A little over five years ago, the Judicial Panel on Multidistrict Litigation gave Federal Judge Richard Gergel of South Carolina the burden of disposing of any cases "alleg[ing] that AFFF products used at airports, military bases, or certain industrial locations caused the release of PFOA or PFOS into local groundwater and contaminated drinking water supplies." In re AFFF Prods. Liab.

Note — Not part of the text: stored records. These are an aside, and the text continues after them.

lemma lact_tensor:
  assumes "bimod_laws B M" "b \<in> B" "x \<in> tfree M N"
  shows "lact (tensor B M N) b (tcls B M N x) = tcls B M N (push (\<lambda>(m, n). (lact M b m, n)) x)"
  unfolding tensor_def bimod.simps
  by (rule UN_tcls_eq[OF assms(3)]) (metis assms(1,2) push_diff push_lact_trel)

lemma ract_tensor:
  assumes "bimod_laws B N" "b \<in> B" "x \<in> tfree M N"
  shows "ract (tensor B M N) (tcls B M N x) b = tcls B M N (push (\<lambda>(m, n). (m, ract N n b)) x)"
  unfolding tensor_def bimod.simps
  by (rule UN_tcls_eq[OF assms(3)]) (metis assms(1,2) push_diff push_ract_trel)

lemma push_lact_tfree:
  "bimod_closed B M \<Longrightarrow> b \<in> B \<Longrightarrow> x \<in> tfree M N \<Longrightarrow>
     push (\<lambda>(m, n). (lact M b m, n)) x \<in> tfree M N"
  by (rule push_tfree) (auto simp: bimod_closed_def)

lemma push_ract_tfree:
  "bimod_closed B N \<Longrightarrow> b \<in> B \<Longrightarrow> x \<in> tfree M N \<Longrightarrow>
     push (\<lambda>(m, n). (m, ract N n b)) x \<in> tfree M N"
  by (rule push_tfree) (auto simp: bimod_closed_def)

lemma bimod_closed_tensor:
  assumes M: "bimod_laws B M" and N: "bimod_laws B N"
  shows "bimod_closed B (tensor B M N)"
proof -
  have "badd (tensor B M N) X Y \<in> carr (tensor B M N)"
    if "X \<in> carr (tensor B M N)" "Y \<in> carr (tensor B M N)" for X Y
    using that by (auto simp: carr_tensor badd_tensor tfree_add)
  moreover have "lact (tensor B M N) b X \<in> carr (tensor B M N)"
    "ract (tensor B M N) X b \<in> carr (tensor B M N)"
    if b: "b \<in> B" and X: "X \<in> carr (tensor B M N)" for b X
  proof -
    obtain x where x: "x \<in> tfree M N" "X = tcls B M N x"
      using X by (auto simp: carr_tensor)
    have "bimod_closed B M" "bimod_closed B N"
      using M N by (simp_all add: bimod_laws_def)
    note push_in = push_lact_tfree[OF this(1) b x(1)] push_ract_tfree[OF this(2) b x(1)]
    show "lact (tensor B M N) b X \<in> carr (tensor B M N)"
      unfolding x lact_tensor[OF M b x(1)] carr_tensor by (rule imageI[OF push_in(1)])
    show "ract (tensor B M N) X b \<in> carr (tensor B M N)"
      unfolding x ract_tensor[OF N b x(1)] carr_tensor by (rule imageI[OF push_in(2)])
  qed
  ultimately show ?thesis by (simp add: bimod_closed_def)
qed

lemma suq_ideal_uminus: "x \<in> suq_ideal q \<Longrightarrow> - x \<in> suq_ideal q"
  using suq_ideal.mult[of x q "-1" 1] by simp
lemma suq_ideal_diff: "x \<in> suq_ideal q \<Longrightarrow> y \<in> suq_ideal q \<Longrightarrow> x - y \<in> suq_ideal q"
  by (metis diff_conv_add_uminus suq_ideal.add suq_ideal_uminus)
lemma suq_ideal_mult_left: "x \<in> suq_ideal q \<Longrightarrow> u * x \<in> suq_ideal q"
  using suq_ideal.mult[of x q u 1] by simp
lemma suq_ideal_mult_right: "x \<in> suq_ideal q \<Longrightarrow> x * u \<in> suq_ideal q"
  using suq_ideal.mult[of x q 1 u] by simp
lemma suq_ideal_trans:
  "x - y \<in> suq_ideal q \<Longrightarrow> y - z \<in> suq_ideal q \<Longrightarrow> x - z \<in> suq_ideal q"
  using suq_ideal.add[of "x - y" q "y - z"] by simp
lemma suq_ideal_sum: "(\<And>i. i \<in> A \<Longrightarrow> f i \<in> suq_ideal q) \<Longrightarrow> sum f A \<in> suq_ideal q"
  by (induction A rule: infinite_finite_induct) (auto intro: suq_ideal.zero suq_ideal.add)
lemma suq_ideal_sum_list:
  "(\<And>p. p \<in> set xs \<Longrightarrow> f p \<in> suq_ideal q) \<Longrightarrow> sum_list (map f xs) \<in> suq_ideal q"
  by (induction xs) (auto intro: suq_ideal.zero suq_ideal.add)

lemma lin_ext_suq_ideal:
  "(\<And>p. p \<in> Poly_Mapping.keys x \<Longrightarrow> g p \<in> suq_ideal q) \<Longrightarrow> lin_ext g x \<in> suq_ideal q"
  unfolding lin_ext_def by (intro suq_ideal_sum suq_ideal_mult_left)

lemma mem_cls_iff: "y \<in> cls q x \<longleftrightarrow> y - x \<in> suq_ideal q"
  by (simp add: cls_def)

lemma cls_eq_iff: "cls q x = cls q y \<longleftrightarrow> x - y \<in> suq_ideal q"
proof
  assume "cls q x = cls q y"
  moreover have "x \<in> cls q x" by (simp add: cls_def suq_ideal.zero)
  ultimately show "x - y \<in> suq_ideal q" by (auto simp: cls_def)
next
  assume "x - y \<in> suq_ideal q"
  then have "z - y \<in> suq_ideal q \<longleftrightarrow> z - x \<in> suq_ideal q" for z
    using suq_ideal_trans[of z x q y] suq_ideal_diff[of "z - y" q "x - y"] by auto
  then show "cls q x = cls q y" by (simp add: cls_def)
qed

lemma lift1_cls:
  assumes "\<And>x'. x' - x \<in> suq_ideal q \<Longrightarrow> f x' - f x \<in> suq_ideal q"
  shows "lift1 q f (cls q x) = cls q (f x)"
proof -
  have "cls q (f x') = cls q (f x)" if "x' \<in> cls q x" for x'
    using that assms by (simp add: mem_cls_iff cls_eq_iff)
  moreover have "x \<in> cls q x" by (simp add: mem_cls_iff suq_ideal.zero)
  ultimately show ?thesis unfolding lift1_def by blast
qed

lemma lift2_cls:
  assumes "\<And>x' y'. x' - x \<in> suq_ideal q \<Longrightarrow> y' - y \<in> suq_ideal q \<Longrightarrow>
    f x' y' - f x y \<in> suq_ideal q"
  shows "lift2 q f (cls q x) (cls q y) = cls q (f x y)"
proof -
  have "cls q (f x' y') = cls q (f x y)" if "x' \<in> cls q x" "y' \<in> cls q y" for x' y'
    using that assms by (simp add: mem_cls_iff cls_eq_iff)
  moreover have "x \<in> cls q x" "y \<in> cls q y" by (simp_all add: mem_cls_iff suq_ideal.zero)
  ultimately show ?thesis unfolding lift2_def by blast
qed

lemma addA_cls [simp]: "addA q (cls q x) (cls q y) = cls q (x + y)"
  unfolding addA_def by (rule lift2_cls) (metis add_diff_add suq_ideal.add)

lemma mulA_cls [simp]: "mulA q (cls q x) (cls q y) = cls q (x * y)"
  unfolding mulA_def
proof (rule lift2_cls)
  fix x' y' assume "x' - x \<in> suq_ideal q" "y' - y \<in> suq_ideal q"
  then have "(x' - x) * y' + x * (y' - y) \<in> suq_ideal q"
    by (intro suq_ideal.add suq_ideal_mult_left suq_ideal_mult_right)
  then show "x' * y' - x * y \<in> suq_ideal q" by (simp add: algebra_simps)
qed

lemma smulA_cls [simp]: "smulA q c (cls q x) = cls q (cst c * x)"
  unfolding smulA_def by (rule lift1_cls) (metis suq_ideal_mult_left right_diff_distrib)

lemma mulA_addA_distrib_left:
  "X \<in> Asu q \<Longrightarrow> Y \<in> Asu q \<Longrightarrow> Z \<in> Asu q \<Longrightarrow>
     mulA q Z (addA q X Y) = addA q (mulA q Z X) (mulA q Z Y)"
  by (auto simp: Asu_def distrib_left)
lemma mulA_addA_distrib_right:
  "X \<in> Asu q \<Longrightarrow> Y \<in> Asu q \<Longrightarrow> Z \<in> Asu q \<Longrightarrow>
     mulA q (addA q X Y) Z = addA q (mulA q X Z) (mulA q Y Z)"
  by (auto simp: Asu_def distrib_right)
lemma mulA_assoc:
  "X \<in> Asu q \<Longrightarrow> Y \<in> Asu q \<Longrightarrow> Z \<in> Asu q \<Longrightarrow> mulA q (mulA q X Y) Z = mulA q X (mulA q Y Z)"
  by (auto simp: Asu_def mult.assoc)
lemma mulA_Asu: "X \<in> Asu q \<Longrightarrow> Y \<in> Asu q \<Longrightarrow> mulA q X Y \<in> Asu q"
  by (auto simp: Asu_def)
lemma smulA_one: "X \<in> Asu q \<Longrightarrow> smulA q 1 X = X"
  by (auto simp: Asu_def cst_def)

lemma cst_mult: "cst (a * b) = cst a * cst b"
  by (simp add: cst_def mult_single)
lemma cst_add: "cst (a + b) = cst a + cst b"
  by (simp add: cst_def single_add)
lemma cst_one [simp]: "cst 1 = 1"
  by (simp add: cst_def)
lemma of_int_eq_cst: "(of_int n :: falg) = cst (of_int n)"
proof (induction n rule: int_induct[where k = 0])
  case base then show ?case by (simp add: cst_def)
next
  case (step1 i) then show ?case by (simp add: cst_add)
next
  case (step2 i) then show ?case by (simp add: cst_def single_diff)
qed

lemma cst_mult_commute: "cst a * x = x * cst a"
proof (induction x rule: poly_mapping_single_add_induct)
  case (2 k c x)
  have "cst a * Poly_Mapping.single k c = Poly_Mapping.single k c * cst a"
    by (simp add: cst_def mult_single mult.commute)
  with 2 show ?case by (simp add: distrib_left distrib_right)
qed simp

lemma lookup_cst_mult: "Poly_Mapping.lookup (cst c * x) w = c * Poly_Mapping.lookup x w"
  by (induction x rule: poly_mapping_single_add_induct)
     (simp_all add: cst_def distrib_left mult_single lookup_add lookup_single when_def)

definition rep :: "real \<Rightarrow> aelt \<Rightarrow> falg" where
  "rep q X = (SOME x. X = cls q x)"

definition homogeneous :: "int \<Rightarrow> falg \<Rightarrow> bool" where
  "homogeneous d x \<longleftrightarrow> (\<forall>w\<in>Poly_Mapping.keys x. wwt w = d)"

lemma homogeneous_add: "homogeneous d x \<Longrightarrow> homogeneous d y \<Longrightarrow> homogeneous d (x + y)"
  using keys_add[of x y] by (auto simp: homogeneous_def)
lemma homogeneous_diff: "homogeneous d x \<Longrightarrow> homogeneous d y \<Longrightarrow> homogeneous d (x - y)"
  using keys_diff[of x y] by (auto simp: homogeneous_def)
lemma homogeneous_single: "wwt w = d \<Longrightarrow> homogeneous d (Poly_Mapping.single w c)"
  by (auto simp: homogeneous_def)

text \<open>Hence the ideal is stable under \<open>K\<close>, which therefore acts on the quotient.\<close>
lemma suq_rels_homogeneous: "r \<in> suq_rels q \<Longrightarrow> \<exists>d. homogeneous d r"
proof -
  have one: "(1::falg) = Poly_Mapping.single (Wd []) 1"
    by (simp add: zero_word_def[symmetric])
  show "r \<in> suq_rels q \<Longrightarrow> \<exists>d. homogeneous d r"
    unfolding suq_rels_def Let_def
    apply (simp add: gn_def cst_def mult_single)
    apply (elim disjE; simp only: one)
    apply (rule exI, (intro homogeneous_add homogeneous_diff homogeneous_single; simp))+
    done
qed

lemma wwt_plus: "wwt (u + v) = wwt u + wwt v"
  by (cases u; cases v) simp
lemma wwt_zero [simp]: "wwt 0 = 0"
  by (simp add: zero_word_def)

locale suq =
  fixes q :: real
  assumes q_pos: "0 < q"
begin

definition qhalf :: "int \<Rightarrow> complex" where
  "qhalf k = complex_of_real (q powr (real_of_int k / 2))"

lemma qhalf_add: "qhalf (k + l) = qhalf k * qhalf l"
  using q_pos by (simp add: qhalf_def add_divide_distrib powr_add)
lemma qhalf_zero [simp]: "qhalf 0 = 1"
  using q_pos by (simp add: qhalf_def)

lemma lookup_Kf: "Poly_Mapping.lookup (Kf q x) w = qhalf (wwt w) * Poly_Mapping.lookup x w"
  by (auto simp: Kf_def lookup_mapp when_def qhalf_def in_keys_iff)

lemma Kf_add: "Kf q (x + y) = Kf q x + Kf q y"
  by (rule poly_mapping_eqI) (simp add: lookup_Kf lookup_add distrib_left)
lemma Kf_diff: "Kf q (x - y) = Kf q x - Kf q y"
  by (rule poly_mapping_eqI) (simp add: lookup_Kf lookup_minus right_diff_distrib)
lemma Kf_zero [simp]: "Kf q 0 = 0"
  by (rule poly_mapping_eqI) (simp add: lookup_Kf)
lemma Kf_single: "Kf q (Poly_Mapping.single w c) = Poly_Mapping.single w (qhalf (wwt w) * c)"
  by (rule poly_mapping_eqI) (simp add: lookup_Kf lookup_single when_def)
lemma Kf_cst: "Kf q (cst c) = cst c"
  by (simp add: cst_def Kf_single)

lemma Kf_mult: "Kf q (x * y) = Kf q x * Kf q y"
proof (induction x rule: poly_mapping_single_add_induct)
  case (2 k c x)
  have "Kf q (Poly_Mapping.single k c * y) = Kf q (Poly_Mapping.single k c) * Kf q y"
    by (induction y rule: poly_mapping_single_add_induct)
       (simp_all add: distrib_left Kf_add Kf_single mult_single wwt_plus qhalf_add mult_ac)
  with 2 show ?case by (simp add: distrib_right Kf_add)
qed simp

lemma homogeneous_Kf: "homogeneous d x \<Longrightarrow> Kf q x = cst (qhalf d) * x"
  by (rule poly_mapping_eqI) (auto simp: homogeneous_def lookup_Kf lookup_cst_mult in_keys_iff)

lemma Kf_suq_ideal: "x \<in> suq_ideal q \<Longrightarrow> Kf q x \<in> suq_ideal q"
proof (induction rule: suq_ideal.induct)
  case (rel r)
  then obtain d where "homogeneous d r" using suq_rels_homogeneous by blast
  then show ?case
    using suq_ideal_mult_left[OF suq_ideal.rel[OF rel]] by (simp add: homogeneous_Kf)
qed (simp_all add: Kf_add Kf_mult suq_ideal.zero suq_ideal.add suq_ideal.mult)

lemma KA_cls: "KA q (cls q x) = cls q (Kf q x)"
  unfolding KA_def by (rule lift1_cls) (metis Kf_diff Kf_suq_ideal)

definition weight :: "int \<Rightarrow> falg \<Rightarrow> bool" where
  "weight k x \<longleftrightarrow> cls q (Kf q x) = cls q (cst (qhalf k) * x)"

lemma cls_in_Ln_iff: "cls q x \<in> Ln q k \<longleftrightarrow> weight k x"
  by (simp add: Ln_def Asu_def KA_cls weight_def qhalf_def)

lemma in_Ln_iff: "X \<in> Ln q k \<longleftrightarrow> (\<exists>x. X = cls q x \<and> weight k x)"
proof -
  have "X \<in> Ln q k \<Longrightarrow> \<exists>x. X = cls q x" by (auto simp: Ln_def Asu_def)
  then show ?thesis using cls_in_Ln_iff by blast
qed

Litig., 357 F.Supp.3d 1991, 1394 (J.P.M.L. 2018).

My Mom would say that the MDL Panel's eyes were bigger than its stomach in attempting to consolidate all of these cases in one Court, meaning that the vision was admirable but impractical.

Judge Gergel has done a heroic job of moving at least some of the hundreds of cases that landed on his docket forward, including presiding over two settlements totaling over $13 billion between 3M and the entitles allegedly responsible for the liability of what was DuPont, on the one hand, and PFAS-contaminated public water supplies from coast to coast on the other.

But Lara Beaven of Inside PFAS Policy reports that Judge Gergel is becoming much more forthcoming about the pressure that the AFFF MDL is putting on him and counsel for the Defendants.

No matter how much tailoring is accomplished by motion practice, as the Department of Defense is attempting, and no matter how many bellwether trials are scheduled in the hope of promoting further settlements, the simple fact is that the PFAS liability abyss is too vast to be addressed in any one courtroom, or perhaps any number of courtrooms. It certainly seems to be the case that Judge Gergel is having trouble seeing the light on the other end.

Given all of this, one has to think, as Judge Gergel mused at a hearing respecting the public water supply settlements, that some number of bankruptcy proceedings are going to be the end of many of the AFFF claims pending before Judge Gergel and in other courts.

Given the immenseness of the PFAS liability abyss, the Executive and Legislative Branches of our Federal Government could help by providing some structure to the removing of PFAS from our environment, and the allocation of the astronomical costs being incurred to do so. President Biden and Congress already allocated $10 billion for drinking water treatment in the Bipartisan Infrastructure Law but that was a drop in the bucket. Meanwhile, while EPA struggles to implement its ambitious PFAS road map, PFAS continue to be released into our environment every day.

What EPA and several states and Judge Gergel have done to address the forever and everywhere chemicals known as PFAS in just a few years is nothing less than extraordinary. Unfortunately, there is much more to be done and, as seen in Judge Gergel's courtroom on Friday, some of the leading characters in this drama are starting to feel the pressure.